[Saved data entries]
● ● ● ●
lemma infdist_sq_eq:
  fixes K :: "'a::euclidean_space set"
  assumes "closed K" "K \<noteq> {}"
  shows "(infdist z K)\<^sup>2 = (norm (z - enc_center (ThetaK K z)))\<^sup>2 + (FK K z)\<^sup>2"
proof -
  define c where "c = enc_center (ThetaK K z)"
  obtain Y u where Y: "finite Y" "Y \<subseteq> ThetaK K z" "\<And>y. y \<in> Y \<Longrightarrow> dist c y = FK K z"
    "\<And>y. y \<in> Y \<Longrightarrow> 0 \<le> u y" "sum u Y = 1" "c = (\<Sum>y\<in>Y. u y *\<^sub>R y)"
    unfolding c_def by (rule enc_center_ThetaK_convex_comb[OF assms, where z=z]) blast
  have "(\<Sum>y\<in>Y. u y * (norm (y - z))\<^sup>2) = (\<Sum>y\<in>Y. u y * (norm (y - c))\<^sup>2) + (norm (c - z))\<^sup>2"
    by (rule barycenter_sum_sq_dist[OF Y(1,5,6)])
  moreover have "(\<Sum>y\<in>Y. u y * (norm (y - z))\<^sup>2) = (\<Sum>y\<in>Y. u y * (infdist z K)\<^sup>2)"
    using Y(2) by (intro sum.cong) (auto simp: ThetaK_eq dist_norm norm_minus_commute)
  moreover have "(\<Sum>y\<in>Y. u y * (norm (y - c))\<^sup>2) = (\<Sum>y\<in>Y. u y * (FK K z)\<^sup>2)"
    using Y(3) by (intro sum.cong) (auto simp: dist_norm norm_minus_commute)
  ultimately show ?thesis
    using Y(5) by (simp add: c_def norm_minus_commute sum_distrib_right[symmetric])
qed

lemma infdist_sq_semiconcave:
  fixes K :: "'a::euclidean_space set"
  assumes "closed K" "K \<noteq> {}"
  shows "(infdist w K)\<^sup>2 \<le> (infdist z K)\<^sup>2 + 2 * inner (w - z) (z - enc_center (ThetaK K z)) + (norm (w - z))\<^sup>2"
proof -
  define c where "c = enc_center (ThetaK K z)"
  obtain Y u where Y: "finite Y" "Y \<subseteq> ThetaK K z" "\<And>y. y \<in> Y \<Longrightarrow> dist c y = FK K z"
    "\<And>y. y \<in> Y \<Longrightarrow> 0 \<le> u y" "sum u Y = 1" "c = (\<Sum>y\<in>Y. u y *\<^sub>R y)"
    unfolding c_def by (rule enc_center_ThetaK_convex_comb[OF assms, where z=z]) blast
  have "(infdist w K)\<^sup>2 \<le> (\<Sum>y\<in>Y. u y * (norm (y - w))\<^sup>2)"
  proof (rule weighted_avg_ge[OF _ Y(4,5)])
    fix y assume "y \<in> Y"
    then have "infdist w K \<le> norm (y - w)"
      using Y(2) infdist_le[of y K w] by (auto simp: ThetaK_eq dist_norm norm_minus_commute)
    then show "(infdist w K)\<^sup>2 \<le> (norm (y - w))\<^sup>2" by (rule power_mono[OF _ infdist_nonneg])
  qed
  also have "\<dots> = (\<Sum>y\<in>Y. u y * (norm (y - c))\<^sup>2) + (norm (c - w))\<^sup>2"
    by (rule barycenter_sum_sq_dist[OF Y(1,5,6)])
  also have "(\<Sum>y\<in>Y. u y * (norm (y - c))\<^sup>2) = (FK K z)\<^sup>2"
    using Y(3,5) by (simp add: dist_norm norm_minus_commute sum_distrib_right[symmetric])
  also have "(norm (c - w))\<^sup>2 = (norm (z - c))\<^sup>2 + 2 * inner (w - z) (z - c) + (norm (w - z))\<^sup>2"
    using dot_norm[of "z - c" "w - z"] by (simp add: norm_minus_commute inner_commute)
  finally show ?thesis using infdist_sq_eq[OF assms, of z] by (simp add: c_def)
qed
● ● ● ●
Problem statement:
Copy the entries word for word. Start at the first line and end with the line containing "using Y(2) infdist_le[of".

Result for this exercise:
lemma infdist_sq_eq:
  fixes K :: "'a::euclidean_space set"
  assumes "closed K" "K \<noteq> {}"
  shows "(infdist z K)\<^sup>2 = (norm (z - enc_center (ThetaK K z)))\<^sup>2 + (FK K z)\<^sup>2"
proof -
  define c where "c = enc_center (ThetaK K z)"
  obtain Y u where Y: "finite Y" "Y \<subseteq> ThetaK K z" "\<And>y. y \<in> Y \<Longrightarrow> dist c y = FK K z"
    "\<And>y. y \<in> Y \<Longrightarrow> 0 \<le> u y" "sum u Y = 1" "c = (\<Sum>y\<in>Y. u y *\<^sub>R y)"
    unfolding c_def by (rule enc_center_ThetaK_convex_comb[OF assms, where z=z]) blast
  have "(\<Sum>y\<in>Y. u y * (norm (y - z))\<^sup>2) = (\<Sum>y\<in>Y. u y * (norm (y - c))\<^sup>2) + (norm (c - z))\<^sup>2"
    by (rule barycenter_sum_sq_dist[OF Y(1,5,6)])
  moreover have "(\<Sum>y\<in>Y. u y * (norm (y - z))\<^sup>2) = (\<Sum>y\<in>Y. u y * (infdist z K)\<^sup>2)"
    using Y(2) by (intro sum.cong) (auto simp: ThetaK_eq dist_norm norm_minus_commute)
  moreover have "(\<Sum>y\<in>Y. u y * (norm (y - c))\<^sup>2) = (\<Sum>y\<in>Y. u y * (FK K z)\<^sup>2)"
    using Y(3) by (intro sum.cong) (auto simp: dist_norm norm_minus_commute)
  ultimately show ?thesis
    using Y(5) by (simp add: c_def norm_minus_commute sum_distrib_right[symmetric])
qed

lemma infdist_sq_semiconcave:
  fixes K :: "'a::euclidean_space set"
  assumes "closed K" "K \<noteq> {}"
  shows "(infdist w K)\<^sup>2 \<le> (infdist z K)\<^sup>2 + 2 * inner (w - z) (z - enc_center (ThetaK K z)) + (norm (w - z))\<^sup>2"
proof -
  define c where "c = enc_center (ThetaK K z)"
  obtain Y u where Y: "finite Y" "Y \<subseteq> ThetaK K z" "\<And>y. y \<in> Y \<Longrightarrow> dist c y = FK K z"
    "\<And>y. y \<in> Y \<Longrightarrow> 0 \<le> u y" "sum u Y = 1" "c = (\<Sum>y\<in>Y. u y *\<^sub>R y)"
    unfolding c_def by (rule enc_center_ThetaK_convex_comb[OF assms, where z=z]) blast
  have "(infdist w K)\<^sup>2 \<le> (\<Sum>y\<in>Y. u y * (norm (y - w))\<^sup>2)"
  proof (rule weighted_avg_ge[OF _ Y(4,5)])
    fix y assume "y \<in> Y"
    then have "infdist w K \<le> norm (y - w)"
      using Y(2) infdist_le[of y K w] by (auto simp: ThetaK_eq dist_norm norm_minus_commute)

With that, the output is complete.